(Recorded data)
....

(* Let $\epsilon>0$ and $\phi\in H^{\infty}(\mathbb R)$. Let $u$ solve the Airy equation $\partial_tu+\partial_xu+\frac{\epsilon}{6}\partial_x^3u=0$ with $u(\cdot,0)=\phi$, and let $v$ solve the linear Whitham equation $\partial_tv+l(\sqrt{\epsilon}D)\partial_xv=0$ with $v(\cdot,0)=\phi$. Then for every integer $j\ge0$ there exists $N_j>0$, depending only on $j$ and $\|\phi\|_{H^{j+7}}$, such that $$\|\partial_x^j(u-v)(t)\|_{L^\infty_x}\le N_j\,\epsilon^2(1+t)\qquad\text{for all } t\ge 0.$$
   Context: $D=-i\partial_x$, and $l(\sqrt{\epsilon}D)$ denotes the Fourier multiplier with symbol $l(\sqrt{\epsilon}\xi)=\left(\frac{\tanh(\sqrt{\epsilon}|\xi|)}{\sqrt{\epsilon}|\xi|}\right)^{1/2}$. $H^{\infty}(\mathbb R)=\bigcap_{s\ge0}H^s(\mathbb R)$. *)

theory Defs
  imports "HOL-Analysis.Analysis"
begin

text \<open>Functions on the real line are real valued. Fourier convention:
  hat phi (xi) = integral of phi(x) exp(-i x xi) dx, inverse with factor 1/(2 pi).\<close>

definition L2 :: "(real \<Rightarrow> real) \<Rightarrow> bool" where
  "L2 \<phi> \<longleftrightarrow> \<phi> \<in> borel_measurable lborel \<and>
      (\<integral>\<^sup>+ x. ennreal ((\<phi> x)\<^sup>2) \<partial>lborel) < \<infinity>"

definition trunc_ft :: "(real \<Rightarrow> real) \<Rightarrow> real \<Rightarrow> real \<Rightarrow> complex" where
  "trunc_ft \<phi> R \<xi> =
     set_lebesgue_integral lborel {-R..R} (\<lambda>x. complex_of_real (\<phi> x) * cis (- x * \<xi>))"

definition is_L2_fourier :: "(real \<Rightarrow> real) \<Rightarrow> (real \<Rightarrow> complex) \<Rightarrow> bool" where
  "is_L2_fourier \<phi> \<Phi> \<longleftrightarrow> \<Phi> \<in> borel_measurable lborel \<and>
     ((\<lambda>R. \<integral>\<^sup>+ \<xi>. ennreal ((cmod (\<Phi> \<xi> - trunc_ft \<phi> R \<xi>))\<^sup>2) \<partial>lborel)
        \<longlongrightarrow> 0) at_top"

definition fourier :: "(real \<Rightarrow> real) \<Rightarrow> real \<Rightarrow> complex" where
  "fourier \<phi> = (SOME \<Phi>. is_L2_fourier \<phi> \<Phi>)"

definition sobolev_energy :: "real \<Rightarrow> (real \<Rightarrow> real) \<Rightarrow> ennreal" where
  "sobolev_energy s \<phi> =
     (\<integral>\<^sup>+ \<xi>. ennreal ((1 + \<xi>\<^sup>2) powr s * (cmod (fourier \<phi> \<xi>))\<^sup>2) \<partial>lborel)"

definition in_sobolev :: "real \<Rightarrow> (real \<Rightarrow> real) \<Rightarrow> bool" where
  "in_sobolev s \<phi> \<longleftrightarrow> L2 \<phi> \<and> sobolev_energy s \<phi> < \<infinity>"

definition sobolev_norm :: "real \<Rightarrow> (real \<Rightarrow> real) \<Rightarrow> real" where
  "sobolev_norm s \<phi> = sqrt (enn2real (sobolev_energy s \<phi>))"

....

> AIM OF THE EXERCISE
In the entries above, find the lines containing the word "bool" and say how many there are, with no other words.

> FINAL ANSWER
3